(What the task asks) Lines from the listing that hold the string "parity" are what you should return.

(Exercise data)
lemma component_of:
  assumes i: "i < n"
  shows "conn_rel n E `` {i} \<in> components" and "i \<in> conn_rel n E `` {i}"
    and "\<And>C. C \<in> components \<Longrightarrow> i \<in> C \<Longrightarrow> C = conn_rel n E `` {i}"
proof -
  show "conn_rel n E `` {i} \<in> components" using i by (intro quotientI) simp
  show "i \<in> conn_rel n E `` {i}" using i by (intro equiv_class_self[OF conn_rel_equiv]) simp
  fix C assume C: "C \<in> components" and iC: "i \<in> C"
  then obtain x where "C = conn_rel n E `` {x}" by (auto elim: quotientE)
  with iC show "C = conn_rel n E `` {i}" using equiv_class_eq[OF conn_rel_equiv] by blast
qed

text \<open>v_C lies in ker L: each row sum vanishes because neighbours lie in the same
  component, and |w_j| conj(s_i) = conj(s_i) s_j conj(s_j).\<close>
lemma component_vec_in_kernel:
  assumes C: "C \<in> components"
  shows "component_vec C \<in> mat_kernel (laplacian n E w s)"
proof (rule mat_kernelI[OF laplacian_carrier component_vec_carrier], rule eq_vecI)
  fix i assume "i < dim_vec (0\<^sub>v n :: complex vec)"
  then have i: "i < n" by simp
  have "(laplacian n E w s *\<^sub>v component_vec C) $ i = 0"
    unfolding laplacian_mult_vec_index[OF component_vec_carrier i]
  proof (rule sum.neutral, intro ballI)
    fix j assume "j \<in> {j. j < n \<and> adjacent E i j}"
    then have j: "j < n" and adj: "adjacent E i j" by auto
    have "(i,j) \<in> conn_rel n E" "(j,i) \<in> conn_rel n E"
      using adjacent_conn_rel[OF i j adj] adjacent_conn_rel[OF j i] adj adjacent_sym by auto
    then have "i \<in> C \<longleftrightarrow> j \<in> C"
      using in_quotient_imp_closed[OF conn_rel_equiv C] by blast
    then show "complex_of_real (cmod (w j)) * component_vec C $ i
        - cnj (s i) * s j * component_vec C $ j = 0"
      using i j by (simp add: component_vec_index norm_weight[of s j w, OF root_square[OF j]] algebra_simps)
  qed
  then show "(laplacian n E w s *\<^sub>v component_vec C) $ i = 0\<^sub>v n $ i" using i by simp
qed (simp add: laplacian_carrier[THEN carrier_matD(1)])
---
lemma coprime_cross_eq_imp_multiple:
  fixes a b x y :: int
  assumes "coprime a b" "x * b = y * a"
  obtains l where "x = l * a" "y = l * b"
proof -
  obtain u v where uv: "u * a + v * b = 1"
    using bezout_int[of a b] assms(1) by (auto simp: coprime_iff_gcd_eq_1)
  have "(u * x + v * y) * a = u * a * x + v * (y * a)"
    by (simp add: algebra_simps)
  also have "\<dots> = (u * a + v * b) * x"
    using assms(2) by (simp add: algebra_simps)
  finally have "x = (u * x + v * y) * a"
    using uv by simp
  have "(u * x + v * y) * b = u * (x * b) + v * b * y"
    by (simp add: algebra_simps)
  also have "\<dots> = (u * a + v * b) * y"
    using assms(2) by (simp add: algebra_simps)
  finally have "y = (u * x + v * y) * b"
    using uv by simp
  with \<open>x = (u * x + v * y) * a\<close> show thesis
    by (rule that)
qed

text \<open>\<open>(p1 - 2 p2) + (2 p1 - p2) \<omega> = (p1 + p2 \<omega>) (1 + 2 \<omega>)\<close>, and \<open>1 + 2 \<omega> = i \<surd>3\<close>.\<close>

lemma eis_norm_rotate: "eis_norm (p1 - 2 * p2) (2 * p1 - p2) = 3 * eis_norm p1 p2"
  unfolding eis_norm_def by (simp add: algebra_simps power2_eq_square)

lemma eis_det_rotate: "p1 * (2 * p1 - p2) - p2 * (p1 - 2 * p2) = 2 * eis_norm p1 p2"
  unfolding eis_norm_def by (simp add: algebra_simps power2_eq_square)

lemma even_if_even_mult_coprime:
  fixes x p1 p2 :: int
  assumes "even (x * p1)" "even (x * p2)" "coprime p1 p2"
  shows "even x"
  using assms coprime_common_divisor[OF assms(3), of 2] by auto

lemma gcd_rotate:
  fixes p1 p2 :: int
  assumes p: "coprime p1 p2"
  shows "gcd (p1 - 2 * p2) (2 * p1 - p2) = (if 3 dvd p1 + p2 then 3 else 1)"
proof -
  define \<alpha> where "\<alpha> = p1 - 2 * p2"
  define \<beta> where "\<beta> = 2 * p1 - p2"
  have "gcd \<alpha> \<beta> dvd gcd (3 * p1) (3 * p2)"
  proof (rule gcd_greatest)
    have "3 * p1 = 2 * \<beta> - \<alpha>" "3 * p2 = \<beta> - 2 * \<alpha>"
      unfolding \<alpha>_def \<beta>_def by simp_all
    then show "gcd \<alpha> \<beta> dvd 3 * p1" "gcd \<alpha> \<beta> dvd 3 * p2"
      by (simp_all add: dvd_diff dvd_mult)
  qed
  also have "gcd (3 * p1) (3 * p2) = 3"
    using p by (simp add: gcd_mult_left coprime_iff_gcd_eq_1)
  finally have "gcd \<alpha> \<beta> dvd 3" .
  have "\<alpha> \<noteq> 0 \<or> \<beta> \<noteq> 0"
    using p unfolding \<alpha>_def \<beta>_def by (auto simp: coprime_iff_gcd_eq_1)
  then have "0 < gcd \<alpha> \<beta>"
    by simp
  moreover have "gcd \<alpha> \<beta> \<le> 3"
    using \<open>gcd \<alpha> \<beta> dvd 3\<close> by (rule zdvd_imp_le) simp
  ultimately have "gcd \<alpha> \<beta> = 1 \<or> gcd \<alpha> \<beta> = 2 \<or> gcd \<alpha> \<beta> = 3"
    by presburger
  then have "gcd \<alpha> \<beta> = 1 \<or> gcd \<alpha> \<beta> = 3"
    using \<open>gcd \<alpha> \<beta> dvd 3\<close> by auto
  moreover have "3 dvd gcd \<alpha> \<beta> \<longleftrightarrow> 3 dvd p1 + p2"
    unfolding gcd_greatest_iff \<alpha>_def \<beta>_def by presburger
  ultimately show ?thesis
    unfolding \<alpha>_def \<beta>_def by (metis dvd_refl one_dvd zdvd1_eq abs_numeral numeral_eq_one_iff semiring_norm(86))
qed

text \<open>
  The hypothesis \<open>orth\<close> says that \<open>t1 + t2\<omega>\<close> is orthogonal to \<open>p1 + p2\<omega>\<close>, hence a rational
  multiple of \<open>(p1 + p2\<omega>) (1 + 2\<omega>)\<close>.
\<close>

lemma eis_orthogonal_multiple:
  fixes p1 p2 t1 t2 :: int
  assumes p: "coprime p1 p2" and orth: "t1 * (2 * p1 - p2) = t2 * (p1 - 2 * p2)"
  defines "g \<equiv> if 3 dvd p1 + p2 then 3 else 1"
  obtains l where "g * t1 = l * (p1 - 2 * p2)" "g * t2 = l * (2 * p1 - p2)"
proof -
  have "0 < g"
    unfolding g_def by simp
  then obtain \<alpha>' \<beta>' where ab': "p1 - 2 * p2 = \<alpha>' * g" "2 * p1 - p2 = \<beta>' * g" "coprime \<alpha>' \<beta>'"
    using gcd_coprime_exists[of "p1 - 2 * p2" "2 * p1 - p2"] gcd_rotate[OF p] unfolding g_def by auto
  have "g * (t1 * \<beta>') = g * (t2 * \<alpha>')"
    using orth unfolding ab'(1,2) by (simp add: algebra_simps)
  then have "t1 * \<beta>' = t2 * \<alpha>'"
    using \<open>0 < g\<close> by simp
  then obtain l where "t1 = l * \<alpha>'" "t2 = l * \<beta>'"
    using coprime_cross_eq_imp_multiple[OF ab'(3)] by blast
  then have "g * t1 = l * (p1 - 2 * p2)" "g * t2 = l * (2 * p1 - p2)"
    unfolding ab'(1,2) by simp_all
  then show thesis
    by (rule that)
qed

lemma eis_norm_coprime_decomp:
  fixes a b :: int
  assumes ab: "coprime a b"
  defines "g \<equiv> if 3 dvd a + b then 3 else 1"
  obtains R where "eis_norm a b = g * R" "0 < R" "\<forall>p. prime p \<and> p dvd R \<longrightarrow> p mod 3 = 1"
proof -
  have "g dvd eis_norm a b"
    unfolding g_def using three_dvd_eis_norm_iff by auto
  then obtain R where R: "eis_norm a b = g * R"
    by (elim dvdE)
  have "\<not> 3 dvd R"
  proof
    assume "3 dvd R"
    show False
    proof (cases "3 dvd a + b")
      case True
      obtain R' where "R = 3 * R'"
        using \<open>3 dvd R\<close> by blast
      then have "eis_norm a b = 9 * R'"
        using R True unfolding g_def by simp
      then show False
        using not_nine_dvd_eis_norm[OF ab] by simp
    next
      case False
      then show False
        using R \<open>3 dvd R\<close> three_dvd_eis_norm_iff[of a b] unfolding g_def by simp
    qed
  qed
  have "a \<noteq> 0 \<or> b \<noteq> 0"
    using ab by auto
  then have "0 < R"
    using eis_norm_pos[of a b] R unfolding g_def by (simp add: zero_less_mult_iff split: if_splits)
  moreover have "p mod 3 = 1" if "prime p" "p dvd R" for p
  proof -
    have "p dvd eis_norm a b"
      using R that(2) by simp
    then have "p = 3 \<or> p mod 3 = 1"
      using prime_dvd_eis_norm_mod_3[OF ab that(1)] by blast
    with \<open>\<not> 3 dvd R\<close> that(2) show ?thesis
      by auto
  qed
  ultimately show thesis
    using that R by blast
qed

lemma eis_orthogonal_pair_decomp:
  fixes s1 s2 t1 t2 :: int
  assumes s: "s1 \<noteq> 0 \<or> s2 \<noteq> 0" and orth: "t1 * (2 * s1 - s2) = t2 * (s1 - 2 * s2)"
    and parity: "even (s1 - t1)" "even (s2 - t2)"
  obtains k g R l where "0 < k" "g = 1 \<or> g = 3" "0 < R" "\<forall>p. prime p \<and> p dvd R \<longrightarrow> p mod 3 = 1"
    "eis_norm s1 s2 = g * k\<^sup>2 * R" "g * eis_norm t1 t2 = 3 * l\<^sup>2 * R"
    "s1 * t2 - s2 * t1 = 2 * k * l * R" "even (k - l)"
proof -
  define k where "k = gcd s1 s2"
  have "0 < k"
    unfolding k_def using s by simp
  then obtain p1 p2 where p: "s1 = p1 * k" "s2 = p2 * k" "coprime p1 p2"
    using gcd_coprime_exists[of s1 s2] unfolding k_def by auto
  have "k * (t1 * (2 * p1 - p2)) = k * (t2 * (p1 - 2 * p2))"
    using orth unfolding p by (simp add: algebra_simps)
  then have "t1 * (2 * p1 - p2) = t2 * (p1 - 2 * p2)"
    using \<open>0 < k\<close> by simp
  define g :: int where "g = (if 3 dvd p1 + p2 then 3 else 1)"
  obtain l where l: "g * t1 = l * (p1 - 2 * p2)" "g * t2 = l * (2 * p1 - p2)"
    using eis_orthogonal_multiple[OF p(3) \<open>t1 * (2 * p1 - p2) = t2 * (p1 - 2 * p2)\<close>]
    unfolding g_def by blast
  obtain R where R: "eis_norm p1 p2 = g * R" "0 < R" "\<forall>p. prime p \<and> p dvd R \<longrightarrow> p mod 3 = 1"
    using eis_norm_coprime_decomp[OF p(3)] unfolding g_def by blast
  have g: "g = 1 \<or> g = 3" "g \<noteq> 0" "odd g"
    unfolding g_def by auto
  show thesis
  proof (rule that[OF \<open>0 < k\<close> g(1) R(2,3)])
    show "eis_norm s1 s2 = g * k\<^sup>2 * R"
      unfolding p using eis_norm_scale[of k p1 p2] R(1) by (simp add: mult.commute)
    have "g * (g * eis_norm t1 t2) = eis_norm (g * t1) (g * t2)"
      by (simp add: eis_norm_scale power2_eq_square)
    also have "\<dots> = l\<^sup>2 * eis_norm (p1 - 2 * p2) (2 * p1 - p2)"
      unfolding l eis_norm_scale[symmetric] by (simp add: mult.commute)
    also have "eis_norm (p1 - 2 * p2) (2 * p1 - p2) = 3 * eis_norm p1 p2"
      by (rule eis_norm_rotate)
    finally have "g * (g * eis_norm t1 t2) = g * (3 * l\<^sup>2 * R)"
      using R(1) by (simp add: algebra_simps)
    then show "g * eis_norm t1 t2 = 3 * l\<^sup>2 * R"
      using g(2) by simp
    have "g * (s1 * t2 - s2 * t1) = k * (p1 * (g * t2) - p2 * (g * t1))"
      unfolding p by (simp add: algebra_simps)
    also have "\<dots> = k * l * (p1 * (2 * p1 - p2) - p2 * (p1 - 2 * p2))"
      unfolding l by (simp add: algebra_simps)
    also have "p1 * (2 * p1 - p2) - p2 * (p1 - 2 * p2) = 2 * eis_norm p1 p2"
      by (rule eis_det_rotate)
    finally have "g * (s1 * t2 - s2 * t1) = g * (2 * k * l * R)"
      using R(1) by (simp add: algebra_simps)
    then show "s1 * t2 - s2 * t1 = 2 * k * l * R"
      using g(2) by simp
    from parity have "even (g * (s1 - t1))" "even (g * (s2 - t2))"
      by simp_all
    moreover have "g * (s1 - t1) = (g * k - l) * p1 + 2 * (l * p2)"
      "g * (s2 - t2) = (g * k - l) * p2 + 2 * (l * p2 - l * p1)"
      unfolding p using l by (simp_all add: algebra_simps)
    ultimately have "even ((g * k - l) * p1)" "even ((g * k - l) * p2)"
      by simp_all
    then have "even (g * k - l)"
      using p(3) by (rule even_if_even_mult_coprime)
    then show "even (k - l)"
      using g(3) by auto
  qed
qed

(Exercise answer)
    and parity: "even (s1 - t1)" "even (s2 - t2)"
    from parity have "even (g * (s1 - t1))" "even (g * (s2 - t2))"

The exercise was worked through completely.